_PROBLEM DETAILS_
Every record is to be restated exactly, with nothing left out.

Stored data entries
lemma partial_svd_extends:
  assumes finR: "finite Rs" and finC: "finite Cs" and k: "k < card Rs" "k < card Cs"
    and inv: "partial_svd Rs Cs M k \<sigma> u v"
  shows "\<exists>\<sigma>' u' v'. partial_svd Rs Cs M (Suc k) \<sigma>' u' v'"
proof -
  define N where "N = svd_residual M \<sigma> u v k"
  have ou: "orthonormal_on Rs u k" and ov: "orthonormal_on Cs v k"
    using inv unfolding partial_svd_def by auto
  have "Cs \<noteq> {}" using k by auto
  then consider s a b where "top_singular_triple Rs Cs N s a b" "0 < s" | "\<forall>r\<in>Rs. \<forall>c\<in>Cs. N r c = 0"
    using top_singular_triple_exists[OF finR finC] by metis
  then show ?thesis
  proof cases
    case (1 s a b)
    note triple = 1(1)[unfolded N_def]
    show ?thesis using partial_svd_Suc[OF inv triple top_singular_triple_orthogonal[OF inv triple 1(2)]] by blast
  next
    case 2
    obtain a where ua: "\<forall>d<k. inner_on Rs (u d) a = 0" and aa: "inner_on Rs a a = 1"
      using orthonormal_on_extension_exists[OF finR ou k(1)] by blast
    obtain b where vb: "\<forall>d<k. inner_on Cs (v d) b = 0" and bb: "inner_on Cs b b = 1"
      using orthonormal_on_extension_exists[OF finC ov k(2)] by blast
    have "top_singular_triple Rs Cs N 0 a b"
      using 2 aa bb unfolding top_singular_triple_def mat_vec_def mat_tvec_def by (simp add: inner_on_def)
    then show ?thesis using partial_svd_Suc[OF inv _ ua vb] unfolding N_def by blast
  qed
qed

lemma partial_svd_exists:
  assumes finR: "finite Rs" and finC: "finite Cs" and "k \<le> min (card Rs) (card Cs)"
  shows "\<exists>\<sigma> u v. partial_svd Rs Cs M k \<sigma> u v"
  using assms(3)
proof (induction k)
  case 0
  show ?case unfolding partial_svd_def orthonormal_on_def by auto
next
  case (Suc k)
  then obtain \<sigma> u v where "partial_svd Rs Cs M k \<sigma> u v" by auto
  moreover have "k < card Rs" "k < card Cs" using Suc.prems by auto
  ultimately show ?case using partial_svd_extends[OF finR finC] by blast
qed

_ANSWER TO THE EXERCISE_
lemma partial_svd_extends:
  assumes finR: "finite Rs" and finC: "finite Cs" and k: "k < card Rs" "k < card Cs"
    and inv: "partial_svd Rs Cs M k \<sigma> u v"
  shows "\<exists>\<sigma>' u' v'. partial_svd Rs Cs M (Suc k) \<sigma>' u' v'"
proof -
  define N where "N = svd_residual M \<sigma> u v k"
  have ou: "orthonormal_on Rs u k" and ov: "orthonormal_on Cs v k"
    using inv unfolding partial_svd_def by auto
  have "Cs \<noteq> {}" using k by auto
  then consider s a b where "top_singular_triple Rs Cs N s a b" "0 < s" | "\<forall>r\<in>Rs. \<forall>c\<in>Cs. N r c = 0"
    using top_singular_triple_exists[OF finR finC] by metis
  then show ?thesis
  proof cases
    case (1 s a b)
    note triple = 1(1)[unfolded N_def]
    show ?thesis using partial_svd_Suc[OF inv triple top_singular_triple_orthogonal[OF inv triple 1(2)]] by blast
  next
    case 2
    obtain a where ua: "\<forall>d<k. inner_on Rs (u d) a = 0" and aa: "inner_on Rs a a = 1"
      using orthonormal_on_extension_exists[OF finR ou k(1)] by blast
    obtain b where vb: "\<forall>d<k. inner_on Cs (v d) b = 0" and bb: "inner_on Cs b b = 1"
      using orthonormal_on_extension_exists[OF finC ov k(2)] by blast
    have "top_singular_triple Rs Cs N 0 a b"
      using 2 aa bb unfolding top_singular_triple_def mat_vec_def mat_tvec_def by (simp add: inner_on_def)
    then show ?thesis using partial_svd_Suc[OF inv _ ua vb] unfolding N_def by blast
  qed
qed

lemma partial_svd_exists:
  assumes finR: "finite Rs" and finC: "finite Cs" and "k \<le> min (card Rs) (card Cs)"
  shows "\<exists>\<sigma> u v. partial_svd Rs Cs M k \<sigma> u v"
  using assms(3)
proof (induction k)
  case 0
  show ?case unfolding partial_svd_def orthonormal_on_def by auto
next
  case (Suc k)
  then obtain \<sigma> u v where "partial_svd Rs Cs M k \<sigma> u v" by auto
  moreover have "k < card Rs" "k < card Cs" using Suc.prems by auto
  ultimately show ?case using partial_svd_extends[OF finR finC] by blast
qed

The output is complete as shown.